■ Exercise brief ■
Only lines containing the string "functions" belong in the answer; copy all of them from the entries.

*** Material provided ***

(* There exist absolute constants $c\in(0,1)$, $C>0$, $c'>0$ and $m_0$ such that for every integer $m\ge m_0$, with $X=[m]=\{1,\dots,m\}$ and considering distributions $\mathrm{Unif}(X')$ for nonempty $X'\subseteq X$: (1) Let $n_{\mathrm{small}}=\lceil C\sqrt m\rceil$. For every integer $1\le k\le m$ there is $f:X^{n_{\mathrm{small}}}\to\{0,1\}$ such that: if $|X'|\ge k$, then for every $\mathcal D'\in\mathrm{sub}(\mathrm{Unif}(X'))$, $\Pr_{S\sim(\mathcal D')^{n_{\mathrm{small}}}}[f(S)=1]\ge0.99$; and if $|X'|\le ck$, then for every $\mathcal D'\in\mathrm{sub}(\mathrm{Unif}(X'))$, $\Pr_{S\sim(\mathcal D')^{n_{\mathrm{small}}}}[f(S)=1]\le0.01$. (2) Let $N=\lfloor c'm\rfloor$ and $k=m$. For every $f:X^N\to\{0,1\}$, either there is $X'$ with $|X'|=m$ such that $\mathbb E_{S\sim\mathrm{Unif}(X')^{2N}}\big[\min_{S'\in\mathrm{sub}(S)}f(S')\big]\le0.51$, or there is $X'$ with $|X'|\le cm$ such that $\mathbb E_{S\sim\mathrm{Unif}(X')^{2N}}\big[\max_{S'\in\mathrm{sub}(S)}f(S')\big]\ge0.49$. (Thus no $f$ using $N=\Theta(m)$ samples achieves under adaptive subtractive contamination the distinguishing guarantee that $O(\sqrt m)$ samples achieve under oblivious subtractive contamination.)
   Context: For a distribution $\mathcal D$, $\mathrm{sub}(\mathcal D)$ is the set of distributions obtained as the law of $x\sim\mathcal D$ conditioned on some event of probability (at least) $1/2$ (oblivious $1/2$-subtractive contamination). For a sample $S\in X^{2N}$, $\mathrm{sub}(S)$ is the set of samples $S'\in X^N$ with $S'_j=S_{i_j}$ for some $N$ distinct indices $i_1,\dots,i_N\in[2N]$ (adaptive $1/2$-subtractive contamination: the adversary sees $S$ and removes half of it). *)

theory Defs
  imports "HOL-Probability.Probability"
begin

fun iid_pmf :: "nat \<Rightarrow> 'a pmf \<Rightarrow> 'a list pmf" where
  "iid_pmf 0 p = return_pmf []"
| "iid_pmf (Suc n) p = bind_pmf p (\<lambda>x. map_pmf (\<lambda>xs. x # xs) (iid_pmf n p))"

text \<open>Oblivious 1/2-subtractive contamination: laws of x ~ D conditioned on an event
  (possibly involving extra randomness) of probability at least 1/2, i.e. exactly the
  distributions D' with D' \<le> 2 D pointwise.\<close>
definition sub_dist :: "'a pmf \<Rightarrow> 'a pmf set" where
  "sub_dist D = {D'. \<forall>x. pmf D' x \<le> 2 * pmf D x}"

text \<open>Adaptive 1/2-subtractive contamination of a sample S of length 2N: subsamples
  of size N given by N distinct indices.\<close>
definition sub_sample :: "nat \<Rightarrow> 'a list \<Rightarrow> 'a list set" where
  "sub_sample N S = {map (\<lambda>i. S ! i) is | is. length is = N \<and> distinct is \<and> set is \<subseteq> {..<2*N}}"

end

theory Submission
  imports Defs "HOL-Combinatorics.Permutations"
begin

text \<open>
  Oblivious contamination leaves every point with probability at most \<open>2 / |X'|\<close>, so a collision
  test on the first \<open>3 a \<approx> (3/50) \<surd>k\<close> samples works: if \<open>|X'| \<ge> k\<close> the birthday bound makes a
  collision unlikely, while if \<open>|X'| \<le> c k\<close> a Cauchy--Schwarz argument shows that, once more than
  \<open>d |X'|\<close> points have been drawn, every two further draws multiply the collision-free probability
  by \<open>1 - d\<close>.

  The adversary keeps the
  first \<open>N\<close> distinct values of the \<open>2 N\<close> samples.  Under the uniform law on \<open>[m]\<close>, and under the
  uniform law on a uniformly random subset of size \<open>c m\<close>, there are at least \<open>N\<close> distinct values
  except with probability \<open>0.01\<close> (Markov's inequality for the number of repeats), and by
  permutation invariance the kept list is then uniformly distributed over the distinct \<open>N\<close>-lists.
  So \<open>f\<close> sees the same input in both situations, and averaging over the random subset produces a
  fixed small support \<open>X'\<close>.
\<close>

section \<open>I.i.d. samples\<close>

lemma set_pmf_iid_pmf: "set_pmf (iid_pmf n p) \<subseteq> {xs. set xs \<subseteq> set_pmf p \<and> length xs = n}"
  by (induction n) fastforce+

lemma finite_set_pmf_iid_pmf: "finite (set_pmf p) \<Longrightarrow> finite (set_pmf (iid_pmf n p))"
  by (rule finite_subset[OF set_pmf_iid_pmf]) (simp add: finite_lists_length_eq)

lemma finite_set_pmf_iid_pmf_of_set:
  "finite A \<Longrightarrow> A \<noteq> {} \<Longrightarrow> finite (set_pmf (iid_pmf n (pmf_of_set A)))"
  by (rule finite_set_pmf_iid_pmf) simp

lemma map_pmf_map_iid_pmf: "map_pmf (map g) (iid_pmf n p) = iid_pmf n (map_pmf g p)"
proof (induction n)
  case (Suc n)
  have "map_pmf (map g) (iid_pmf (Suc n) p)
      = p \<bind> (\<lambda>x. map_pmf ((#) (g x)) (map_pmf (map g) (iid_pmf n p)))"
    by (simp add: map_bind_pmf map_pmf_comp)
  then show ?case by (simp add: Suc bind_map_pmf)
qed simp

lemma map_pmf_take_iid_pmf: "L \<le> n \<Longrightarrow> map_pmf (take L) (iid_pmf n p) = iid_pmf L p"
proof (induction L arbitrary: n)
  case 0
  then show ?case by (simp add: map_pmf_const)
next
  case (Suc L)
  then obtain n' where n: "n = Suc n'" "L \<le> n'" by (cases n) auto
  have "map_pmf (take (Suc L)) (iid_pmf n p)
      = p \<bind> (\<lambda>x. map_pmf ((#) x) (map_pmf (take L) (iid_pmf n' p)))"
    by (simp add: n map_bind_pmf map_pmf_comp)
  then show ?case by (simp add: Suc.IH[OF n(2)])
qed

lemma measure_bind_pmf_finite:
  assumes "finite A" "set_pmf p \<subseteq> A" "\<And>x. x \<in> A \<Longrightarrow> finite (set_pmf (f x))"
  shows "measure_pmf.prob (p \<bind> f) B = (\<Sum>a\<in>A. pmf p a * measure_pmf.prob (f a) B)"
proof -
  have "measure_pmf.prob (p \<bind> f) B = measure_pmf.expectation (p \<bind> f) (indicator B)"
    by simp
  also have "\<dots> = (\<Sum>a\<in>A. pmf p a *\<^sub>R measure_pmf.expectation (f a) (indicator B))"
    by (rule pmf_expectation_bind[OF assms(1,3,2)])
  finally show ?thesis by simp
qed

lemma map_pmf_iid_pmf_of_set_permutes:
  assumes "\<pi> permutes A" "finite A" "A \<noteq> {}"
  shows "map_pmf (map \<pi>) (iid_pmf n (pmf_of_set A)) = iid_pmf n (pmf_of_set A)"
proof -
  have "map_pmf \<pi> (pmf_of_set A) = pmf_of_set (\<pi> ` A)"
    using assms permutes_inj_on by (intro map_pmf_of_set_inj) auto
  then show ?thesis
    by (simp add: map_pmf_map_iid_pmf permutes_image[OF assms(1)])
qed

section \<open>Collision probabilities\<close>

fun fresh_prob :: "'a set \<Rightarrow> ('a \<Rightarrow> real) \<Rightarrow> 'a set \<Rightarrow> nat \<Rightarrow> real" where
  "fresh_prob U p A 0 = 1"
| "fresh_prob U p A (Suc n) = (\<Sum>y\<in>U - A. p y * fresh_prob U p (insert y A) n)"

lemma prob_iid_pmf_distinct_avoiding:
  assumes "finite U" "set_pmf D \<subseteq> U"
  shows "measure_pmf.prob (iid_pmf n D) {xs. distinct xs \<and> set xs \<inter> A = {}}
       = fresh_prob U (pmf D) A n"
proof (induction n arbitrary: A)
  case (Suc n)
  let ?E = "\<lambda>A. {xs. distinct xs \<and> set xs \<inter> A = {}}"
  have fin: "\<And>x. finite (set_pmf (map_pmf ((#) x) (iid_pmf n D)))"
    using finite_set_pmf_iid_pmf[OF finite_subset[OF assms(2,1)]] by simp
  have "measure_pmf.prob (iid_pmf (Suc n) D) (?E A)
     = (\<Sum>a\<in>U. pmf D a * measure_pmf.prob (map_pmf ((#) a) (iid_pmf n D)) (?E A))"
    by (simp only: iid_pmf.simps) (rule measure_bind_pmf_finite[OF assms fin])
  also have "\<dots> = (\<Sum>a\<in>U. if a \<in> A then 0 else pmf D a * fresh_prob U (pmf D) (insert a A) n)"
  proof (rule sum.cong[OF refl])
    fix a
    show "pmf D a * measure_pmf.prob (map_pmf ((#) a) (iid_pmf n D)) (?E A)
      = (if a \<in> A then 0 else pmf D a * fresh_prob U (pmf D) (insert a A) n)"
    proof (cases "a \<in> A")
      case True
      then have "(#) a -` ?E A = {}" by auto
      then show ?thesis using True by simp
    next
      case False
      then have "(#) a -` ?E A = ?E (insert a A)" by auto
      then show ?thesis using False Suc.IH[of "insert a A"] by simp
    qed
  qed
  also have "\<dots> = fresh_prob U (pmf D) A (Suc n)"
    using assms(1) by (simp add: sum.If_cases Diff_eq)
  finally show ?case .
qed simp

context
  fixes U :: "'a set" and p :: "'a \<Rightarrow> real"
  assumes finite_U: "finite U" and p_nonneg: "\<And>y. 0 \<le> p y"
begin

***
*** Material provided ***

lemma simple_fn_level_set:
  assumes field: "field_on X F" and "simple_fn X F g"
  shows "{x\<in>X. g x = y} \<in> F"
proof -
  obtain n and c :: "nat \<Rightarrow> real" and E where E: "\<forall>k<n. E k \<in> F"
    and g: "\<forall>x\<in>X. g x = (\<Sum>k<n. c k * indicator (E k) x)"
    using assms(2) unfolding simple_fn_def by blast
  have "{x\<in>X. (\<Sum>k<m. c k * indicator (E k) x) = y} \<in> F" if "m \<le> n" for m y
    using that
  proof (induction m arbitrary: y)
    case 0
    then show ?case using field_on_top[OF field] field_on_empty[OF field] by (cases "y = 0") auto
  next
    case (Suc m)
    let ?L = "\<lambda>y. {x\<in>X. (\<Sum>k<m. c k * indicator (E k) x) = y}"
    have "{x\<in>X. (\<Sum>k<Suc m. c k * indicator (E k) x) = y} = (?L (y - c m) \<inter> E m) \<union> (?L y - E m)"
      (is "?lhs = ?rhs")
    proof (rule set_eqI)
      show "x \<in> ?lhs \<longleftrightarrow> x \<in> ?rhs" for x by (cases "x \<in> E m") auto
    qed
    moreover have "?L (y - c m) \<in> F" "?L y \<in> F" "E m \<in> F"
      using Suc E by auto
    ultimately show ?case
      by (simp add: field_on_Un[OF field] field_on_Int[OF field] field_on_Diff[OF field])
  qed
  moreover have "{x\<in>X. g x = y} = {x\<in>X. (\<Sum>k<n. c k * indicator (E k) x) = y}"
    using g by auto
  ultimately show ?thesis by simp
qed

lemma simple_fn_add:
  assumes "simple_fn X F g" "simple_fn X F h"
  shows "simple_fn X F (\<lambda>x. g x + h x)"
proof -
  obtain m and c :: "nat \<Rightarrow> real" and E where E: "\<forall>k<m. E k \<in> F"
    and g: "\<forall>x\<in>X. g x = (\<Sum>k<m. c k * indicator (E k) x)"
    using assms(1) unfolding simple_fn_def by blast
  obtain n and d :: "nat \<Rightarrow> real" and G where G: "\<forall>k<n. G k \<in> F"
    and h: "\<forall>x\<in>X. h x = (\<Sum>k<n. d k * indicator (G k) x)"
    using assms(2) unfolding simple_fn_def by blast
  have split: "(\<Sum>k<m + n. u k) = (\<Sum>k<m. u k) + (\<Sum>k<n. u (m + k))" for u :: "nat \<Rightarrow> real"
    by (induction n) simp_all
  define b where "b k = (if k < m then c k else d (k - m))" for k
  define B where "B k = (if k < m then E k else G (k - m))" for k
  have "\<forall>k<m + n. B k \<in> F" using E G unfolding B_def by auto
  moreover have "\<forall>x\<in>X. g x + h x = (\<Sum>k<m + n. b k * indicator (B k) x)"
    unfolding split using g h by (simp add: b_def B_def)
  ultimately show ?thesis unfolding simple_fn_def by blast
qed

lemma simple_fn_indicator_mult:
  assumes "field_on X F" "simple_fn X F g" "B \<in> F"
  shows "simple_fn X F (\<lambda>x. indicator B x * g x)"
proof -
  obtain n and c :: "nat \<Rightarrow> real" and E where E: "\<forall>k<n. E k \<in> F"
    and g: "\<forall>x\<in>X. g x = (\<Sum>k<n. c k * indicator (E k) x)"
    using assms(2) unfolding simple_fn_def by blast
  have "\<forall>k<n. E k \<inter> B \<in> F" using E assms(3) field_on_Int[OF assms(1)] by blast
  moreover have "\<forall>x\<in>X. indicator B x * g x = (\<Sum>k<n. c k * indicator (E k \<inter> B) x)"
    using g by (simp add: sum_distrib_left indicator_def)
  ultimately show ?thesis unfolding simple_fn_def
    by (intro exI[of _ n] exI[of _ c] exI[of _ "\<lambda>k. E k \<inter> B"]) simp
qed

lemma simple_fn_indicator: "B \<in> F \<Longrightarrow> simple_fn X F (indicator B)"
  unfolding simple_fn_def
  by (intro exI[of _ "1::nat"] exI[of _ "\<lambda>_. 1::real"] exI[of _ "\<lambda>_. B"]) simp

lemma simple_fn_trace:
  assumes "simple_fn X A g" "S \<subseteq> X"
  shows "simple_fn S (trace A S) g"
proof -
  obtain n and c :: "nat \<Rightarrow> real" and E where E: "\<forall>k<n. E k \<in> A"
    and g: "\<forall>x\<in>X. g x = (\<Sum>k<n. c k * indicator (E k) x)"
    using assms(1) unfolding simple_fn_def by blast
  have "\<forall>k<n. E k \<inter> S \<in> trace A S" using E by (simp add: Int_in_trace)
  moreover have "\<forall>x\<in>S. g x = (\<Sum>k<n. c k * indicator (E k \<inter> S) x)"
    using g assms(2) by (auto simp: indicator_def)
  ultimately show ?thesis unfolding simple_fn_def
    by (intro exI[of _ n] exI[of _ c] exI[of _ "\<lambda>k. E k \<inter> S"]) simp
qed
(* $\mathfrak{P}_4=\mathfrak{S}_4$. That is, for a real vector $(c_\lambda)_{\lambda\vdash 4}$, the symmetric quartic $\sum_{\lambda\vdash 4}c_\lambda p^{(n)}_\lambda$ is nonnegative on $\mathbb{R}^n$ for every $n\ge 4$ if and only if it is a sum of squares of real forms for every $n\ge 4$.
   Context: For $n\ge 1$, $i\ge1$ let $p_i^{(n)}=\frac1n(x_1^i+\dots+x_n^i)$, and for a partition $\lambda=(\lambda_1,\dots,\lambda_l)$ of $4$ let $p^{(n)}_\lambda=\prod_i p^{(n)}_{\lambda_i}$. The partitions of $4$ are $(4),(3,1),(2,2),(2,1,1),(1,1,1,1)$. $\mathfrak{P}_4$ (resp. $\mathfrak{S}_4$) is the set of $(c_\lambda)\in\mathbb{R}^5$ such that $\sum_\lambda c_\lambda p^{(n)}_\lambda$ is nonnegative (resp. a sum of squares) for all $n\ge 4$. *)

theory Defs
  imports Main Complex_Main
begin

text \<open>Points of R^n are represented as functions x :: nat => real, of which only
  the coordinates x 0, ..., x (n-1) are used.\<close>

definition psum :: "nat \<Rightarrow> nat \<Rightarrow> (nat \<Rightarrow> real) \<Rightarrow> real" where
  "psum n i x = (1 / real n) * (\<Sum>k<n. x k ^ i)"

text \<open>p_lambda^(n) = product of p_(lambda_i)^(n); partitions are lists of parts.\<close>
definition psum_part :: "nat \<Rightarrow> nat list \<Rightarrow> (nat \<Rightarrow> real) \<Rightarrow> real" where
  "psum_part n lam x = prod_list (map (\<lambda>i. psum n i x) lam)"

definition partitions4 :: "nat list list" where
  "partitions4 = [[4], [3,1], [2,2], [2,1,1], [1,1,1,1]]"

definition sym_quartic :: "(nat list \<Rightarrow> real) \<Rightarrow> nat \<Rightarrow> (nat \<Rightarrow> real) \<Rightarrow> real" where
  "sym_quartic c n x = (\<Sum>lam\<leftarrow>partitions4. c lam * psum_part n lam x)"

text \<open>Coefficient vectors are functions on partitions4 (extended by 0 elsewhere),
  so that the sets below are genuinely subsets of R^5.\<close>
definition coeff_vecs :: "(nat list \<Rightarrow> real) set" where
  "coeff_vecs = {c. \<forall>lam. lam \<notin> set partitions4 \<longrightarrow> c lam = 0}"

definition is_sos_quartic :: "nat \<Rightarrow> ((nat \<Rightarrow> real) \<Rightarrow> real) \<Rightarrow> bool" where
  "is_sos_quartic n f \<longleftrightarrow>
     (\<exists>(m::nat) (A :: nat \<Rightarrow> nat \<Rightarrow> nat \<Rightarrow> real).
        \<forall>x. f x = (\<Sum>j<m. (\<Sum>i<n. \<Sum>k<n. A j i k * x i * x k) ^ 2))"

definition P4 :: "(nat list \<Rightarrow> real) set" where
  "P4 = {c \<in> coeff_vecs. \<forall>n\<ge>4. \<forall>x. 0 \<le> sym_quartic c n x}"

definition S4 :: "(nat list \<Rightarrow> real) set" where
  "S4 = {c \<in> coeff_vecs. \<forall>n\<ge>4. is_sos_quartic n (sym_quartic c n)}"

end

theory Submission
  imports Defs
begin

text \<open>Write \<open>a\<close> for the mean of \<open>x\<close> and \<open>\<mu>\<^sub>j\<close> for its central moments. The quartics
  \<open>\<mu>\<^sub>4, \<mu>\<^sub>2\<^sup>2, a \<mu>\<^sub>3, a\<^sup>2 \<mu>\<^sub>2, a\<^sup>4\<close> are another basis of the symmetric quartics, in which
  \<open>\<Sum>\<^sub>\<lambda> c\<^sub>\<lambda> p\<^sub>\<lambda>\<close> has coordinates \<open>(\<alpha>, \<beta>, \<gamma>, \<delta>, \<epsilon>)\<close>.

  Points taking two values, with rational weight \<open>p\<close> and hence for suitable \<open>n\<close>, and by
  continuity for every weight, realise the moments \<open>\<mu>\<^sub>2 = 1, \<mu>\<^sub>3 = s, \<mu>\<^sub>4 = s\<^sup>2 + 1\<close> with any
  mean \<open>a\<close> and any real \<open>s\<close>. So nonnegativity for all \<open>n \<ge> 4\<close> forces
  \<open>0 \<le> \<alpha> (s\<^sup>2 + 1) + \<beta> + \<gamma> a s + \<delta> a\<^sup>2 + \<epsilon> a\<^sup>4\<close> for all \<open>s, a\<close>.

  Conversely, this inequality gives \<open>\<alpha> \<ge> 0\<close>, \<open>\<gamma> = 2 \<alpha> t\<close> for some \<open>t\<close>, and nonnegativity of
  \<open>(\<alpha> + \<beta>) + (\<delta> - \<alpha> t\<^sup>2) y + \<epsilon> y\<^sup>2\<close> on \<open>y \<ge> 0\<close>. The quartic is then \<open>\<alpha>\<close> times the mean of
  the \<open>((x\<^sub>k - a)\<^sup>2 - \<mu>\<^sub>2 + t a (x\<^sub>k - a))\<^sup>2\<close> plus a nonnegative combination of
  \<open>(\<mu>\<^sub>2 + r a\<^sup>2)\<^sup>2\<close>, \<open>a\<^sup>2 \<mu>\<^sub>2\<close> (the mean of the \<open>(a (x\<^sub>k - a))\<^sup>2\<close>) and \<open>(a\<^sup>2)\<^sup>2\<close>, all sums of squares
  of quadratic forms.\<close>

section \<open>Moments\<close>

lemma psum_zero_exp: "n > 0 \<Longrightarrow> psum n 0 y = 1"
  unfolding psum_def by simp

***

■ Task answer ■
text \<open>Points of R^n are represented as functions x :: nat => real, of which only
text \<open>Coefficient vectors are functions on partitions4 (extended by 0 elsewhere),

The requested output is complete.